Chapter 5 Content
The content of an R Markdown document includes the markdown text itself, as well as output from code chunks. Code chunks can output data, graphs, tables, and images. You can also reference variables from code chunks in markdown text.
5.1 Markdown overview
5.1.1 Type-setting
R Markdown: The Definitive Guide and this R Markdown cheatsheet provide comprehensive information on the typesetting capabilities of R Markdown.
In general, R Markdown typesetting options include *italics*
, **bold**
, and ~~strike-through~~
.
These are achieved by wrapping text in a certain number of asterisks or tildes.
There are also (parentheses)
, [square brackets]
, and "quotation marks"
that can have special functions in markdown, like creating hyperlinks: [text](link)
.
With many of these typesetting characters, if you highlight the text you want to format (by clicking and dragging your cursor), you can just hit the character once to wrap the text automatically. This way, you don’t have to go to the beginning and end of the text and place the characters individually.
5.1.2 Spacing
Another note about R Markdown is that line spacing matters. For example, if I wanted to include bullet points after this sentence, they wouldn’t render properly if I didn’t hit enter twice before starting them. In other words, I need to have a full line of white space before bullet points and numbered lists. If you’re having issues with your document rendering correctly, make sure you have line breaks between lists, paragraphs, and headers.
5.1.3 Working with GitHub
One of my coding/open science mentors at Penn State, Rick Gilmore, pointed out this useful piece of information to me.
Git
’s version control goes line-by-line, so it’s best to put each sentence of markdown on its own line.
Otherwise, if you change one word in a sentence, the whole paragraph will appear to have changed, rather than just the one sentence.
5.2 Special characters
If you want any special characters in R Markdown, LaTeX, or pandoc to appear as text, rather than having them perform some function, you need to “escape” them with a backslash. For example, pound signs/hashtags, backslashes, and dollar signs need to be preceded by a backslash.

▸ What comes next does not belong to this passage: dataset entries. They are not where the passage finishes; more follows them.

lemma coxeter_angle_at:
  assumes "coxeter_polygon vs"
  obtains m :: nat where "2 \<le> m" "angle_at vs k = pi / real m"
proof -
  have convex: "convex_hpolygon vs"
    using assms by (rule coxeter_polygon_convex)
  have "0 < length vs"
    using convex_hpolygon_length[OF convex] by linarith
  then have "k mod length vs < length vs"
    by simp
  then show ?thesis
    using assms that vangle_eq_angle_at[OF convex] angle_at_mod[of vs k]
    unfolding coxeter_polygon_def by metis
qed

lemma coxeter_angle_at_cases:
  assumes "coxeter_polygon vs"
  shows "angle_at vs k = pi / 2 \<or> angle_at vs k \<le> pi / 3"
proof -
  obtain m :: nat where m: "2 \<le> m" "angle_at vs k = pi / real m"
    using coxeter_angle_at[OF assms] .
  have "pi / real m \<le> pi / 3" if "3 \<le> m"
    using that by (intro divide_left_mono) auto
  then show ?thesis
    using m by (cases "m = 2") auto
qed

lemma coxeter_angle_at_le:
  assumes "coxeter_polygon vs"
  shows "angle_at vs k \<le> pi / 2"
  using coxeter_angle_at_cases[OF assms, of k] pi_gt_zero by (elim disjE) linarith+

lemma coxeter_angle_at_add_le:
  assumes "coxeter_polygon vs" "\<not> (angle_at vs i = pi / 2 \<and> angle_at vs j = pi / 2)"
  shows "angle_at vs i + angle_at vs j \<le> 5 * pi / 6"
  using assms(2) coxeter_angle_at_cases[OF assms(1), of i] coxeter_angle_at_cases[OF assms(1), of j]
    coxeter_angle_at_le[OF assms(1), of i] coxeter_angle_at_le[OF assms(1), of j] by auto

lemma angle_at_split:
  assumes convex: "convex_hpolygon vs" and a: "2 \<le> a" "a + 2 \<le> length vs"
  shows "angle_at vs m = hangle (vertex vs m) (vertex vs (m + (length vs - 1))) (vertex vs (m + a))
    + hangle (vertex vs m) (vertex vs (m + a)) (vertex vs (m + 1))"
proof -
  define n where "n = length vs"
  note hyp = hyp_point_vertex[OF convex]
  have "det3 (vertex vs (m + (n - 1))) (vertex vs (m + (n - 1) + 1)) (vertex vs (m + (n - 1) + (a + 1))) > 0"
    using a by (intro det3_vertex_pos[OF convex]) (simp_all add: n_def)
  moreover have "vertex vs (m + (n - 1) + 1) = vertex vs m" "vertex vs (m + (n - 1) + (a + 1)) = vertex vs (m + a)"
    using a by (simp_all add: vertex_shift n_def)
  ultimately have "det3 (vertex vs m) (vertex vs (m + (n - 1))) (vertex vs (m + a)) < 0"
    using det3_rotate[of "vertex vs (m + (n - 1))" "vertex vs m" "vertex vs (m + a)"]
      det3_swap[of "vertex vs m" "vertex vs (m + a)" "vertex vs (m + (n - 1))"] by simp
  moreover have "det3 (vertex vs m) (vertex vs (m + a)) (vertex vs (m + 1)) < 0"
    using det3_vertex_pos[OF convex, of a m] a
      det3_swap[of "vertex vs m" "vertex vs (m + a)" "vertex vs (m + 1)"] unfolding n_def by simp
  moreover have "det3 (vertex vs m) (vertex vs (m + (n - 1))) (vertex vs (m + 1)) < 0"
    using det3_vertex_pos[OF convex, of "n - 1" m] a
      det3_swap[of "vertex vs m" "vertex vs (m + (n - 1))" "vertex vs (m + 1)"] unfolding n_def by simp
  ultimately show ?thesis
    unfolding angle_at_def n_def[symmetric] by (rule hangle_add_clockwise[OF hyp hyp hyp hyp])
qed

This also applies to any chunk outputs that contain strings with special characters, as with knitr::kable
tables with LaTeX functions or characters (e.g., Greek letters like \(\eta\) to report partial eta-squared or functions like \textit{p}
to italicize the text).
Sometimes you even need multiple backslashes, so you may have to play around to troubleshoot if they’re not rendering correctly.
These kinds of rendering issues won’t generally throw errors, so you’ll have to check the output in the knitted document to make sure it looks the way you want.
Speaking of LaTeX, you can engage math mode by putting dollar signs around LaTeX math commands.
This way, you can include fractions and binomials, math symbols, International Phonetic Alphabet (IPA) symbols, and the like in R Markdown (even if you’re not outputting to a PDF).
For example, I can write \(e = mc^2\) in a sentence like this just by wrapping the equation in a single set of dollar signs $e = mc^2$
, or I can use two sets to center the equation $$e = mc^2$$
: \[e = mc^2\]
5.3 Chunk output
Depending on the kind of content you’re creating with R Markdown, whether it’s a poster, manuscript, or internal lab document, there are several ways you can take code chunks and turn them into content.
5.3.1 Data
When I’m working on a project and checking in with my adviser on my progress, I display my raw data and analyses in R Markdown. My usual work-flow includes data pre-processing in MATLAB for EEG data—you can find my scripts for this here—and R for the ERP analyses, shown here.
As I describe in Section 7.2, I keep separate scripts for each piece of the data analysis.
I source
them into one another, with a global script at the base with any general variables (like file names, HEX color codes for graphs, etc.) and custom functions.
Once I’ve built out this processing pipeline with R scripts, that’s when I’ll source
them into my R Markdown documents for statistical analysis and presentation.
You can see an example of this for my ERP analyses here.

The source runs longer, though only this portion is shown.